Extracted information =>
⁂

(* For every $\gamma\in(0,\frac12)$ there is $c=c(\gamma)>0$ such that for every integer $k\ge3$ and every $1\le i\le k-1$, $$e_{i,k},\ p_{0\to1,i,k},\ p_{1\to0,i,k}\in[c,1-c].$$
   Context: $\|u\|$ denotes Hamming weight and $\mathbb{E}\mathrm{ven}_k=\{u\in\mathbb{F}_2^k:\|u\|\text{ even}\}$. For an integer $k\ge2$ and $\gamma\in(0,\frac12)$, $\alpha=\alpha(k,\gamma)$ is the unique $\alpha\in(0,1)$ with $\alpha\frac{(1+\alpha)^{k-1}-(1-\alpha)^{k-1}}{(1+\alpha)^k+(1-\alpha)^k}=\gamma$, and $P_{k,\gamma}$ is the distribution on $\mathbb{F}_2^k$ with $P_{k,\gamma}(u)=\alpha^{\|u\|}/Z$ for $u\in\mathbb{E}\mathrm{ven}_k$ and $0$ otherwise, where $Z=\frac{(1+\alpha)^k+(1-\alpha)^k}{2}$. Define $$p_{0\to1,i,k}=\alpha\frac{(1+\alpha)^{k-i}-(1-\alpha)^{k-i}}{(1+\alpha)^{k-i+1}+(1-\alpha)^{k-i+1}},\qquad p_{1\to0,i,k}=\alpha\frac{(1+\alpha)^{k-i}+(1-\alpha)^{k-i}}{(1+\alpha)^{k-i+1}-(1-\alpha)^{k-i+1}},$$ and $e_{i,k}=\Pr_{u\sim P_{k,\gamma}}\big(u_1+\dots+u_i\text{ is odd}\big)$. *)

theory Defs
  imports "HOL-Analysis.Analysis"
begin

text \<open>Vectors of F_2^k are represented as boolean lists of length k; True = 1.\<close>

definition cube :: "nat \<Rightarrow> bool list set" where
  "cube k = {u. length u = k}"

definition hw :: "bool list \<Rightarrow> nat" where
  "hw u = length (filter id u)"

definition Even_set :: "nat \<Rightarrow> bool list set" where
  "Even_set k = {u \<in> cube k. even (hw u)}"

definition gamma_of :: "nat \<Rightarrow> real \<Rightarrow> real" where
  "gamma_of k a = a * ((1 + a) ^ (k - 1) - (1 - a) ^ (k - 1)) / ((1 + a) ^ k + (1 - a) ^ k)"

definition alpha :: "nat \<Rightarrow> real \<Rightarrow> real" where
  "alpha k \<gamma> = (THE a. 0 < a \<and> a < 1 \<and> gamma_of k a = \<gamma>)"

definition Zc :: "nat \<Rightarrow> real \<Rightarrow> real" where
  "Zc k \<gamma> = ((1 + alpha k \<gamma>) ^ k + (1 - alpha k \<gamma>) ^ k) / 2"

definition P :: "nat \<Rightarrow> real \<Rightarrow> bool list \<Rightarrow> real" where
  "P k \<gamma> u = (if u \<in> Even_set k then alpha k \<gamma> ^ hw u / Zc k \<gamma> else 0)"

definition p01 :: "real \<Rightarrow> nat \<Rightarrow> nat \<Rightarrow> real" where
  "p01 \<gamma> i k = (let a = alpha k \<gamma> in
     a * ((1 + a) ^ (k - i) - (1 - a) ^ (k - i)) / ((1 + a) ^ (k - i + 1) + (1 - a) ^ (k - i + 1)))"

definition p10 :: "real \<Rightarrow> nat \<Rightarrow> nat \<Rightarrow> real" where
  "p10 \<gamma> i k = (let a = alpha k \<gamma> in
     a * ((1 + a) ^ (k - i) + (1 - a) ^ (k - i)) / ((1 + a) ^ (k - i + 1) - (1 - a) ^ (k - i + 1)))"

definition e :: "real \<Rightarrow> nat \<Rightarrow> nat \<Rightarrow> real" where
  "e \<gamma> i k = (\<Sum>u \<in> {u \<in> cube k. odd (hw (take i u))}. P k \<gamma> u)"

end

theory Submission
  imports Defs
begin

text \<open>
  Splitting a vector into its first \<open>i\<close> and last \<open>k - i\<close> coordinates factorises the weight
  \<open>\<alpha> ^ hw u\<close>, so \<open>e \<gamma> i k = O i * O (k - i) / Z\<close> with \<open>O n = ((1 + \<alpha>) ^ n - (1 - \<alpha>) ^ n) / 2\<close>
  the odd-weight part of \<open>(1 + \<alpha>) ^ n\<close>. Thus \<open>e\<close>, \<open>p01\<close> and \<open>p10\<close> are explicit expressions in
  \<open>p = 1 + \<alpha>\<close> and \<open>q = 1 - \<alpha>\<close>, and elementary estimates such as \<open>p ^ n - q ^ n \<ge> (p - q) p ^ (n - 1)\<close>
  place each of them in \<open>[\<alpha>\<^sup>2 / 4, 1 / 2]\<close>. Finally \<open>\<gamma> = gamma_of k \<alpha> < \<alpha>\<close>, so \<open>c = \<gamma>\<^sup>2 / 4\<close> works
  uniformly in \<open>k\<close> and \<open>i\<close>.
\<close>

lemma finite_cube: "finite (cube n)"
proof -
  have "cube n = {xs. set xs \<subseteq> (UNIV::bool set) \<and> length xs = n}"
    by (auto simp: cube_def)
  then show ?thesis using finite_lists_length_eq[of "UNIV::bool set" n] by simp
qed

lemma cube_Suc: "cube (Suc n) = Cons True ` cube n \<union> Cons False ` cube n"
proof
  show "cube (Suc n) \<subseteq> Cons True ` cube n \<union> Cons False ` cube n"
  proof
    fix u assume "u \<in> cube (Suc n)"
    then obtain b v where "u = b # v" "length v = n"
      by (cases u) (auto simp: cube_def)
    then show "u \<in> Cons True ` cube n \<union> Cons False ` cube n"
      by (cases b) (auto simp: cube_def)
  qed
qed (auto simp: cube_def)

lemma hw_simps [simp]:
  "hw [] = 0" "hw (True # u) = Suc (hw u)" "hw (False # u) = hw u" "hw (x @ y) = hw x + hw y"
  by (auto simp: hw_def)
(* Let $n\ge 2$ and $1\le p\le n-1$. Let $a_{n,p}$ be the number of $\alpha\in\mathcal{OCT}_n$ with $F(\alpha)=\{1\}$ and $h(\alpha)=p$. Then $a_{n,p}$ also equals the number of $\alpha\in\mathcal{OCT}_n$ with $F(\alpha)=\{n\}$ and $h(\alpha)=p$, and $a_{n,p}=\binom{n-2}{p-1}$.
   Context: $X_n=\{1,2,\dots,n\}$ with its usual order; maps are written on the right ($x\alpha$). A map $\alpha:X_n\to X_n$ is order-preserving if $x\le y$ implies $x\alpha\le y\alpha$, and a contraction if $|x\alpha-y\alpha|\le|x-y|$ for all $x,y$. $\mathcal{OCT}_n$ is the set of all order-preserving contractions $X_n\to X_n$ (defined on all of $X_n$). For such $\alpha$: the height is $h(\alpha)=|\mathrm{Im}\,\alpha|$, and $F(\alpha)=\{x\in X_n:x\alpha=x\}$ is the set of fixed points. *)

theory Defs
  imports Main "HOL-Library.FuncSet"
begin

text \<open>Full transformations of X_n = {1..n} are represented as extensional functions
  in PiE {1..n} (%_. {1..n}) (value undefined outside X_n), so that the set is finite.\<close>

definition OCT :: "nat \<Rightarrow> (nat \<Rightarrow> nat) set" where
  "OCT n = {\<alpha> \<in> {1..n} \<rightarrow>\<^sub>E {1..n}.
      (\<forall>x\<in>{1..n}. \<forall>y\<in>{1..n}. x \<le> y \<longrightarrow> \<alpha> x \<le> \<alpha> y) \<and>
      (\<forall>x\<in>{1..n}. \<forall>y\<in>{1..n}. \<bar>int (\<alpha> x) - int (\<alpha> y)\<bar> \<le> \<bar>int x - int y\<bar>)}"

definition height :: "nat \<Rightarrow> (nat \<Rightarrow> nat) \<Rightarrow> nat" where
  "height n \<alpha> = card (\<alpha> ` {1..n})"

definition fixset :: "nat \<Rightarrow> (nat \<Rightarrow> nat) \<Rightarrow> nat set" where
  "fixset n \<alpha> = {x \<in> {1..n}. \<alpha> x = x}"

end

theory Submission
  imports Defs
begin

text \<open>An order-preserving contraction of \<open>{1..n}\<close> is exactly a map whose consecutive values
  differ by 0 or 1, so its image is the interval \<open>{\<alpha> 1..\<alpha> n}\<close>. If \<open>F(\<alpha>) = {1}\<close>, then
  \<open>\<alpha> 1 = \<alpha> 2 = 1\<close> (and conversely this forces \<open>\<alpha> x < x\<close> for \<open>x \<ge> 2\<close>), so \<alpha> is determined by the
  set of positions in \<open>{3..n}\<close> where it steps up, and its height is one more than the size of
  that set: hence \<open>(n-2) choose (p-1)\<close> maps of height p. Conjugating by the order reversal
  \<open>x \<mapsto> n + 1 - x\<close> is an involution of \<open>OCT n\<close> preserving heights and exchanging
  \<open>F(\<alpha>) = {1}\<close> with \<open>F(\<alpha>) = {n}\<close>.\<close>

definition unit_steps :: "nat \<Rightarrow> (nat \<Rightarrow> nat) \<Rightarrow> bool" where
  "unit_steps n \<alpha> \<longleftrightarrow> (\<forall>x\<in>{1..<n}. \<alpha> (Suc x) = \<alpha> x \<or> \<alpha> (Suc x) = Suc (\<alpha> x))"

lemma unit_stepsD:
  "unit_steps n \<alpha> \<Longrightarrow> 1 \<le> x \<Longrightarrow> x < n \<Longrightarrow> \<alpha> (Suc x) = \<alpha> x \<or> \<alpha> (Suc x) = Suc (\<alpha> x)"
  by (simp add: unit_steps_def)

lemma unit_steps_bounds:
  assumes "unit_steps n \<alpha>" "1 \<le> x" "x \<le> y" "y \<le> n"
  shows "\<alpha> x \<le> \<alpha> y \<and> \<alpha> y \<le> \<alpha> x + (y - x)"
  using assms(3,4)
proof (induction y rule: dec_induct)
  case (step k)
  with assms(2) have "\<alpha> (Suc k) = \<alpha> k \<or> \<alpha> (Suc k) = Suc (\<alpha> k)"
    by (intro unit_stepsD[OF assms(1)]) auto
  with step show ?case by auto
qed simp

lemma unit_steps_image:
  assumes "unit_steps n \<alpha>" "1 \<le> m" "m \<le> n"
  shows "\<alpha> ` {1..m} = {\<alpha> 1..\<alpha> m}"
  using assms(2,3)
proof (induction m rule: dec_induct)
  case (step k)
  then have "\<alpha> (Suc k) = \<alpha> k \<or> \<alpha> (Suc k) = Suc (\<alpha> k)"
    by (intro unit_stepsD[OF assms(1)]) auto
  moreover have "\<alpha> 1 \<le> \<alpha> k"
    using unit_steps_bounds[OF assms(1), of 1 k] step by auto
  moreover have "{1..Suc k} = insert (Suc k) {1..k}" by auto
  ultimately show ?case using step by auto
qed simp

lemma height_unit_steps:
  assumes "unit_steps n \<alpha>" "1 \<le> n"
  shows "height n \<alpha> = Suc (\<alpha> n) - \<alpha> 1"
  using unit_steps_image[OF assms(1,2) order_refl] by (simp add: height_def)

lemma OCT_iff_unit_steps:
  assumes "1 \<le> n"
  shows "\<alpha> \<in> OCT n \<longleftrightarrow> \<alpha> \<in> extensional {1..n} \<and> unit_steps n \<alpha> \<and> 1 \<le> \<alpha> 1 \<and> \<alpha> n \<le> n"
proof
  assume \<alpha>: "\<alpha> \<in> OCT n"
  have "unit_steps n \<alpha>"
    unfolding unit_steps_def
  proof
    fix x assume "x \<in> {1..<n}"
    then have x: "x \<in> {1..n}" "Suc x \<in> {1..n}" by auto
    have "\<alpha> x \<le> \<alpha> (Suc x)" using \<alpha> x by (simp add: OCT_def)
    moreover have "\<bar>int (\<alpha> (Suc x)) - int (\<alpha> x)\<bar> \<le> \<bar>int (Suc x) - int x\<bar>"
      using \<alpha> x unfolding OCT_def by blast
    ultimately show "\<alpha> (Suc x) = \<alpha> x \<or> \<alpha> (Suc x) = Suc (\<alpha> x)" by auto
  qed
  with \<alpha> assms show "\<alpha> \<in> extensional {1..n} \<and> unit_steps n \<alpha> \<and> 1 \<le> \<alpha> 1 \<and> \<alpha> n \<le> n"
    unfolding OCT_def by (auto simp: PiE_iff)
next
  assume "\<alpha> \<in> extensional {1..n} \<and> unit_steps n \<alpha> \<and> 1 \<le> \<alpha> 1 \<and> \<alpha> n \<le> n"
  then have ext: "\<alpha> \<in> extensional {1..n}" and steps: "unit_steps n \<alpha>"
    and ends: "1 \<le> \<alpha> 1" "\<alpha> n \<le> n" by auto
  have bounds: "\<alpha> x \<le> \<alpha> y \<and> \<alpha> y \<le> \<alpha> x + (y - x)" if "x \<in> {1..n}" "y \<in> {1..n}" "x \<le> y" for x y
    using unit_steps_bounds[OF steps, of x y] that by auto
  have "\<alpha> x \<in> {1..n}" if "x \<in> {1..n}" for x
    using bounds[of 1 x] bounds[of x n] that ends assms by auto
  moreover have "\<bar>int (\<alpha> x) - int (\<alpha> y)\<bar> \<le> \<bar>int x - int y\<bar>" if "x \<in> {1..n}" "y \<in> {1..n}" for x y
    using bounds[of x y] bounds[of y x] that by (cases "x \<le> y") auto
  ultimately show "\<alpha> \<in> OCT n"
    using ext bounds unfolding OCT_def by (auto simp: PiE_iff)
qed

definition ascents :: "nat \<Rightarrow> (nat \<Rightarrow> nat) \<Rightarrow> nat set" where
  "ascents n \<alpha> = {x \<in> {2..n}. \<alpha> x = Suc (\<alpha> (x - 1))}"

lemma unit_steps_eq_card_ascents:
  assumes "unit_steps n \<alpha>" "1 \<le> x" "x \<le> n"
  shows "\<alpha> x = \<alpha> 1 + card {y \<in> ascents n \<alpha>. y \<le> x}"
  using assms(2,3)
proof (induction x rule: dec_induct)
  case base
  have "{y \<in> ascents n \<alpha>. y \<le> 1} = {}" by (auto simp: ascents_def)
  then show ?case by simp
next
  case (step k)
  let ?A = "\<lambda>x. {y \<in> ascents n \<alpha>. y \<le> x}"
  have "?A (Suc k) = (if \<alpha> (Suc k) = Suc (\<alpha> k) then insert (Suc k) (?A k) else ?A k)"
    using step by (auto simp: ascents_def le_Suc_eq)
  moreover have "Suc k \<notin> ?A k" "finite (?A k)" by auto
  moreover have "\<alpha> (Suc k) = \<alpha> k \<or> \<alpha> (Suc k) = Suc (\<alpha> k)"
    using step by (intro unit_stepsD[OF assms(1)]) auto
  moreover have "\<alpha> k = \<alpha> 1 + card (?A k)" using step by simp
  ultimately show ?case by auto
qed

lemma bij_betw_ascents:
  assumes "1 \<le> n"
  shows "bij_betw (ascents n) {\<alpha> \<in> extensional {1..n}. unit_steps n \<alpha> \<and> \<alpha> 1 = 1} (Pow {2..n})"
proof (rule bij_betw_byWitness)
  let ?from_set = "\<lambda>S. \<lambda>x\<in>{1..n}. Suc (card {y \<in> S. y \<le> x})"
  show "\<forall>\<alpha>\<in>{\<alpha> \<in> extensional {1..n}. unit_steps n \<alpha> \<and> \<alpha> 1 = 1}. ?from_set (ascents n \<alpha>) = \<alpha>"
  proof
    fix \<alpha> assume \<alpha>: "\<alpha> \<in> {\<alpha> \<in> extensional {1..n}. unit_steps n \<alpha> \<and> \<alpha> 1 = 1}"
    show "?from_set (ascents n \<alpha>) = \<alpha>"
    proof
      fix x
      show "?from_set (ascents n \<alpha>) x = \<alpha> x"
        using \<alpha> unit_steps_eq_card_ascents[of n \<alpha> x] by (cases "x \<in> {1..n}") (auto simp: extensional_def)
    qed
  qed
  have from_set_step: "?from_set S (Suc x) = ?from_set S x + (if Suc x \<in> S then 1 else 0)"
    if "x \<in> {1..<n}" for S x
  proof -
    have "{y \<in> S. y \<le> Suc x} = (if Suc x \<in> S then insert (Suc x) {y \<in> S. y \<le> x} else {y \<in> S. y \<le> x})"
      by (auto simp: le_Suc_eq)
    then show ?thesis using that by auto
  qed
  show "\<forall>S\<in>Pow {2..n}. ascents n (?from_set S) = S"
  proof
    fix S assume S: "S \<in> Pow {2..n}"
    have "x \<in> ascents n (?from_set S) \<longleftrightarrow> x \<in> S" for x
    proof (cases "x \<in> {2..n}")
      case True
      then have "x - 1 \<in> {1..<n}" "Suc (x - 1) = x" by auto
      with from_set_step[of "x - 1" S] True show ?thesis by (auto simp: ascents_def)
    qed (use S ascents_def in auto)
    then show "ascents n (?from_set S) = S" by blast
  qed
  show "ascents n ` {\<alpha> \<in> extensional {1..n}. unit_steps n \<alpha> \<and> \<alpha> 1 = 1} \<subseteq> Pow {2..n}"
    by (auto simp: ascents_def)
  show "?from_set ` Pow {2..n} \<subseteq> {\<alpha> \<in> extensional {1..n}. unit_steps n \<alpha> \<and> \<alpha> 1 = 1}"
  proof
    fix \<alpha> assume "\<alpha> \<in> ?from_set ` Pow {2..n}"
    then obtain S where S: "S \<subseteq> {2..n}" and \<alpha>: "\<alpha> = ?from_set S" by auto
    have "unit_steps n \<alpha>"
      unfolding unit_steps_def \<alpha> using from_set_step by simp
    moreover have "{y \<in> S. y \<le> 1} = {}" using S by auto
    ultimately show "\<alpha> \<in> {\<alpha> \<in> extensional {1..n}. unit_steps n \<alpha> \<and> \<alpha> 1 = 1}"
      using assms \<alpha> by simp
  qed
qed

⁂

What the exercise asks => Pull every line containing "induction" from the entries above and copy it.

Solution =>
proof (induction y rule: dec_induct)
proof (induction m rule: dec_induct)
proof (induction x rule: dec_induct)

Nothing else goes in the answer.